At the start of Athlete Interactions, I talked to lots of female athletes, and we agreed that so many of us suffer in silence. It struck me that we embrace this harmful mindset of believing that suffering is simply part of the path to becoming great. We internalise it and we accept it. 

The desire to change this narrative had been a huge motivation for my swimming career, and in hindsight, missing out on Paris 2024 only fuelled the fire. I used the time and energy I would have expended on the Olympics to focus on growing our work. 

We now have an Athlete Support Network, a programme run by our amazing team of volunteers. They’re on the other end of a phone or video call to support athletes through hard times. 

Whether it’s an injury, the pressure and attention around a big competition, or de-selection: it could be anything. We’re not trying to replicate medical support. We’re just like a supportive teammate, there when needed. 

Early 2025, we also held our first live online session, which focused on student-athlete life, and we have plans to run a research project to help us better understand how we can best support our community. 

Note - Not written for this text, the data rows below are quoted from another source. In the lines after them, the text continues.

text \<open>On a cyclotomic coset \<open>C\<close> with period \<open>d \<le> |C|\<close>, a vector \<open>f \<in> F\<^sub>n\<close>
  is determined by \<open>f\<^sub>r\<close>, and \<open>f\<^sub>r = f\<^sub>r\<^bsup>q\<^sup>d\<^esup>\<close>.\<close>

lemma card_restrict_Fn_cyclotomic_coset_le:
  assumes "domain L" "finite (carrier L)" "2 \<le> q" "coprime q n" "r < n"
  shows "card ((\<lambda>f. restrict f (cyclotomic_coset q n r)) ` Fn L q n)
    \<le> q ^ card (cyclotomic_coset q n r)"
proof -
  interpret L: domain L by fact
  let ?C = "cyclotomic_coset q n r"
  let ?R = "(\<lambda>f. restrict f ?C) ` Fn L q n"
  obtain d where d: "0 < d" "d \<le> card ?C" "q ^ d * r mod n = r"
    using cyclotomic_coset_period assms(4,5) by blast
  have r: "r \<in> ?C" using assms(5) by (rule self_mem_cyclotomic_coset)
  have "inj_on (\<lambda>g. g r) ?R"
  proof (rule inj_onI)
    fix g g' assume "g \<in> ?R" "g' \<in> ?R" "g r = g' r"
    then obtain f f' where f: "f \<in> Fn L q n" "g = restrict f ?C"
      and f': "f' \<in> Fn L q n" "g' = restrict f' ?C" and "f r = f' r"
      using r by auto
    have "f i = f' i" if "i \<in> ?C" for i
    proof -
      obtain j where "i = q ^ j * r mod n" using \<open>i \<in> ?C\<close> unfolding cyclotomic_coset_def by auto
      then show ?thesis
        using Fn_at_cyclotomic_coset[OF L.is_monoid f(1) assms(5)]
          Fn_at_cyclotomic_coset[OF L.is_monoid f'(1) assms(5)] \<open>f r = f' r\<close> by simp
    qed
    then show "g = g'" using f f' by auto
  qed
  then have "card ?R = card ((\<lambda>g. g r) ` ?R)" by (rule card_image[symmetric])
  also have "\<dots> \<le> card {x \<in> carrier L. x [^]\<^bsub>L\<^esub> (q ^ d) = x}"
  proof (rule card_mono)
    show "finite {x \<in> carrier L. x [^]\<^bsub>L\<^esub> (q ^ d) = x}" using assms(2) by simp
    show "(\<lambda>g. g r) ` ?R \<subseteq> {x \<in> carrier L. x [^]\<^bsub>L\<^esub> (q ^ d) = x}"
      using Fn_at_cyclotomic_coset[OF L.is_monoid _ assms(5), of _ q d] d(3) r assms(5)
      by (auto simp: Fn_def vec_in_def)
  qed
  also have "\<dots> \<le> q ^ d"
  proof (rule L.card_roots_pow_eq_self_le[OF assms(2)])
    show "2 \<le> q ^ d" using assms(3) d(1) power_increasing[of 1 d q] by simp
  qed
  also have "\<dots> \<le> q ^ card ?C" using assms(3) d(2) by (intro power_increasing) auto
  finally show ?thesis .
qed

So, while I absolutely didn’t feel it at the time, I see now that the path I took led me to something even bigger than Paris: making sure that no other female athlete feels as alone as I once did. 

I know from experience how powerful a conversation can be. That chat with my swimming nutritionist changed everything for me – I will always remember it as my turning point. 

But it shouldn’t be so difficult to find the safe spaces needed to share what we’re going through. 

That’s what I want to change. That’s what I’m racing for.